Unfortunately, American liberals are too busy congratulating themselves for society’s increasingly rapid cultural progress—while bemoaning the work still to be done—to do the real work of helping poor and working people rise. It is almost inconceivable to them how backward and oppressive the West was just a few years ago. The thought of it consumes them, propelling them to spend their energies defending those who burn the flag, kneel during the national anthem, protest against the police, and engage in other unpopular expressions in the name of liberty and tolerance.
As important, they are also quick to sacrifice the rights of evangelical Christians, libertarians, supporters of Israel, and others for the same goal. The standards continue to shift leftward, with yesterday’s victories and compromises transformed into today’s outrages, thus ensuring that each generation of liberal warriors is more necessary than the last.

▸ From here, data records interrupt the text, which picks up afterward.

lemma smooth_on_mixed_dirD_commute:
  fixes f :: "'a::real_normed_vector \<Rightarrow> real"
  assumes U: "open U" "x \<in> U" and f: "smooth_on U f"
  shows "iter_dirD f [v, u] x = iter_dirD f [u, v] x"
proof -
  let ?F1 = "iter_dirD f [v, u]" and ?F2 = "iter_dirD f [u, v]"
  have bound: "\<bar>?F1 x - ?F2 x\<bar> \<le> 2 * e" if e: "e > 0" for e
  proof -
    have "isCont ?F1 x" "isCont ?F2 x"
      using smooth_on_iter_dirD_differentiable[OF f U(2)] differentiable_imp_continuous_within by blast+
    then have "eventually (\<lambda>y. dist (?F1 y) (?F1 x) < e) (at x)"
              "eventually (\<lambda>y. dist (?F2 y) (?F2 x) < e) (at x)"
      using e by (auto simp: isCont_def tendsto_iff)
    with eventually_at_in_open'[OF U]
    have "eventually (\<lambda>y. y \<in> U \<and> \<bar>?F1 y - ?F1 x\<bar> < e \<and> \<bar>?F2 y - ?F2 x\<bar> < e) (at x)"
      by eventually_elim (simp add: dist_real_def)
    then obtain d where d: "d > 0" and near_punctured: "\<And>y. y \<noteq> x \<Longrightarrow> dist y x < d \<Longrightarrow>
        y \<in> U \<and> \<bar>?F1 y - ?F1 x\<bar> < e \<and> \<bar>?F2 y - ?F2 x\<bar> < e"
      unfolding eventually_at by blast
    have near: "y \<in> U \<and> \<bar>?F1 y - ?F1 x\<bar> < e \<and> \<bar>?F2 y - ?F2 x\<bar> < e" if "dist y x < d" for y
      using near_punctured[OF _ that] U(2) e by (cases "y = x") simp_all
    define h where "h = d / (norm u + norm v + 1)"
    have scale: "norm u + norm v + 1 > 0"
      by (simp add: add_nonneg_pos)
    then have h: "h > 0"
      using d by (simp add: h_def)
    have close: "dist (x + s *\<^sub>R u + t *\<^sub>R v) x < d" if "0 \<le> s" "s \<le> h" "0 \<le> t" "t \<le> h" for s t
    proof -
      have "dist (x + s *\<^sub>R u + t *\<^sub>R v) x \<le> s * norm u + t * norm v"
        using norm_triangle_ineq[of "s *\<^sub>R u" "t *\<^sub>R v"] that by (simp add: dist_norm add.assoc)
      also have "\<dots> \<le> h * (norm u + norm v)"
        using that by (simp add: distrib_left add_mono mult_right_mono)
      also have "\<dots> < h * (norm u + norm v + 1)"
        using h by simp
      also have "\<dots> = d"
        using scale by (simp add: h_def)
      finally show ?thesis .
    qed
    have close': "dist (x + s *\<^sub>R v + t *\<^sub>R u) x < d" if "0 \<le> s" "s \<le> h" "0 \<le> t" "t \<le> h" for s t
      using close[OF that(3,4,1,2)] by (simp add: add_ac)
    have "\<exists>s t. 0 < s \<and> s < h \<and> 0 < t \<and> t < h \<and>
        f (x + h *\<^sub>R u + h *\<^sub>R v) - f (x + h *\<^sub>R u) - f (x + h *\<^sub>R v) + f x
          = h * h * ?F1 (x + s *\<^sub>R u + t *\<^sub>R v)"
      by (rule second_difference_mvt[OF f h]) (use near close in blast)
    then obtain s1 t1 where st1: "0 < s1" "s1 < h" "0 < t1" "t1 < h"
      and D1: "f (x + h *\<^sub>R u + h *\<^sub>R v) - f (x + h *\<^sub>R u) - f (x + h *\<^sub>R v) + f x
                 = h * h * ?F1 (x + s1 *\<^sub>R u + t1 *\<^sub>R v)"
      by blast
    have "\<exists>s t. 0 < s \<and> s < h \<and> 0 < t \<and> t < h \<and>
        f (x + h *\<^sub>R v + h *\<^sub>R u) - f (x + h *\<^sub>R v) - f (x + h *\<^sub>R u) + f x
          = h * h * ?F2 (x + s *\<^sub>R v + t *\<^sub>R u)"
      by (rule second_difference_mvt[OF f h]) (use near close' in blast)
    then obtain s2 t2 where st2: "0 < s2" "s2 < h" "0 < t2" "t2 < h"
      and D2: "f (x + h *\<^sub>R v + h *\<^sub>R u) - f (x + h *\<^sub>R v) - f (x + h *\<^sub>R u) + f x
                 = h * h * ?F2 (x + s2 *\<^sub>R v + t2 *\<^sub>R u)"
      by blast
    have "?F1 (x + s1 *\<^sub>R u + t1 *\<^sub>R v) = ?F2 (x + s2 *\<^sub>R v + t2 *\<^sub>R u)"
      using D1 D2 h by (simp add: algebra_simps)
    moreover have "\<bar>?F1 (x + s1 *\<^sub>R u + t1 *\<^sub>R v) - ?F1 x\<bar> < e"
      using near close st1 by force
    moreover have "\<bar>?F2 (x + s2 *\<^sub>R v + t2 *\<^sub>R u) - ?F2 x\<bar> < e"
      using near close' st2 by force
    ultimately show ?thesis
      by linarith
  qed
  have "?F1 x - ?F2 x = 0"
  proof (rule dense_eq0_I)
    fix e :: real
    assume "e > 0"
    then show "\<bar>?F1 x - ?F2 x\<bar> \<le> e"
      using bound[of "e / 2"] by simp
  qed
  then show ?thesis
    by simp
qed

lemma dirD_basis_expansion:
  fixes f :: "real^'n \<Rightarrow> real"
  assumes "f differentiable (at y)"
  shows "dirD f y w = (\<Sum>i\<in>UNIV. w $ i * dirD f y (axis i 1))"
proof -
  have "dirD f y w = dirD f y (\<Sum>i\<in>UNIV. w $ i *\<^sub>R axis i 1)"
    using basis_expansion[of w] by (simp add: scalar_mult_eq_scaleR)
  also have "\<dots> = (\<Sum>i\<in>UNIV. w $ i * dirD f y (axis i 1))"
    using linear_dirD[OF assms] by (simp add: linear_sum linear_cmul)
  finally show ?thesis .
qed

lemma dirD_const: "dirD (\<lambda>_. c) x w = 0"
proof -
  have "((\<lambda>_. c) has_derivative (\<lambda>_. 0)) (at x)"
    by simp
  then show ?thesis
    by (simp add: dirD_def frechet_derivative_at[symmetric])
qed

lemma dirD_dirD_along_field:
  fixes f :: "real^'n \<Rightarrow> real" and Z :: "real^'n \<Rightarrow> real^'n"
  assumes U: "open U" "x \<in> U" and f: "smooth_on U f" and Z: "Z differentiable (at x)"
  shows "dirD (\<lambda>y. dirD f y (Z y)) x w = dirD f x (dirD Z x w) + iter_dirD f [w, Z x] x"
proof -
  define g where "g i = iter_dirD f [axis i 1]" for i
  have expansion: "dirD (\<lambda>y. dirD f y (Z y)) x w
      = dirD f x (dirD Z x w) + (\<Sum>i\<in>UNIV. Z x $ i * dirD (g i) x w)"
    if Z: "Z differentiable (at x)" for Z :: "real^'n \<Rightarrow> real^'n"
  proof -
    have DZ: "(Z has_derivative dirD Z x) (at x)"
      using Z by (rule has_derivative_dirD)
    have Dg: "(g i has_derivative dirD (g i) x) (at x)" for i
      unfolding g_def by (rule has_derivative_dirD[OF smooth_on_iter_dirD_differentiable[OF f U(2)]])
    have "((\<lambda>y. \<Sum>i\<in>UNIV. Z y $ i * g i y) has_derivative
        (\<lambda>w. \<Sum>i\<in>UNIV. Z x $ i * dirD (g i) x w + dirD Z x w $ i * g i x)) (at x)"
      by (intro has_derivative_sum has_derivative_mult Dg
          bounded_linear.has_derivative[OF bounded_linear_vec_nth DZ])
    moreover have "dirD f y (Z y) = (\<Sum>i\<in>UNIV. Z y $ i * g i y)" if "y \<in> U" for y
      using dirD_basis_expansion[OF smooth_on_imp_differentiable[OF f that], of "Z y"]
      by (simp add: g_def)
    ultimately have "dirD (\<lambda>y. dirD f y (Z y)) x w
        = (\<Sum>i\<in>UNIV. Z x $ i * dirD (g i) x w) + (\<Sum>i\<in>UNIV. dirD Z x w $ i * g i x)"
      by (simp add: dirD_transform_within_open[OF U] sum.distrib)
    also have "(\<Sum>i\<in>UNIV. dirD Z x w $ i * g i x) = dirD f x (dirD Z x w)"
      using dirD_basis_expansion[OF smooth_on_imp_differentiable[OF f U(2)], of "dirD Z x w"]
      by (simp add: g_def)
    finally show ?thesis
      by simp
  qed
  have "iter_dirD f [w, Z x] x = (\<Sum>i\<in>UNIV. Z x $ i * dirD (g i) x w)"
    using expansion[of "\<lambda>_. Z x"] linear_dirD[OF smooth_on_imp_differentiable[OF f U(2)]]
    by (simp add: dirD_const linear_0)
  then show ?thesis
    using expansion[OF Z] by simp
qed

Liberal elites blame Donald Trump and his supporters for resurrecting a tribal, winner-takes-all approach to American politics. But it is their contempt for working people that has fueled this political polarization. Liberals love to preach about their virtue and conservatives’ selfishness, but they would do well to remember that charity begins at home.
Mr. Jindal served as governor of Louisiana, 2008-16, and was a candidate for the 2016 Republican presidential nomination.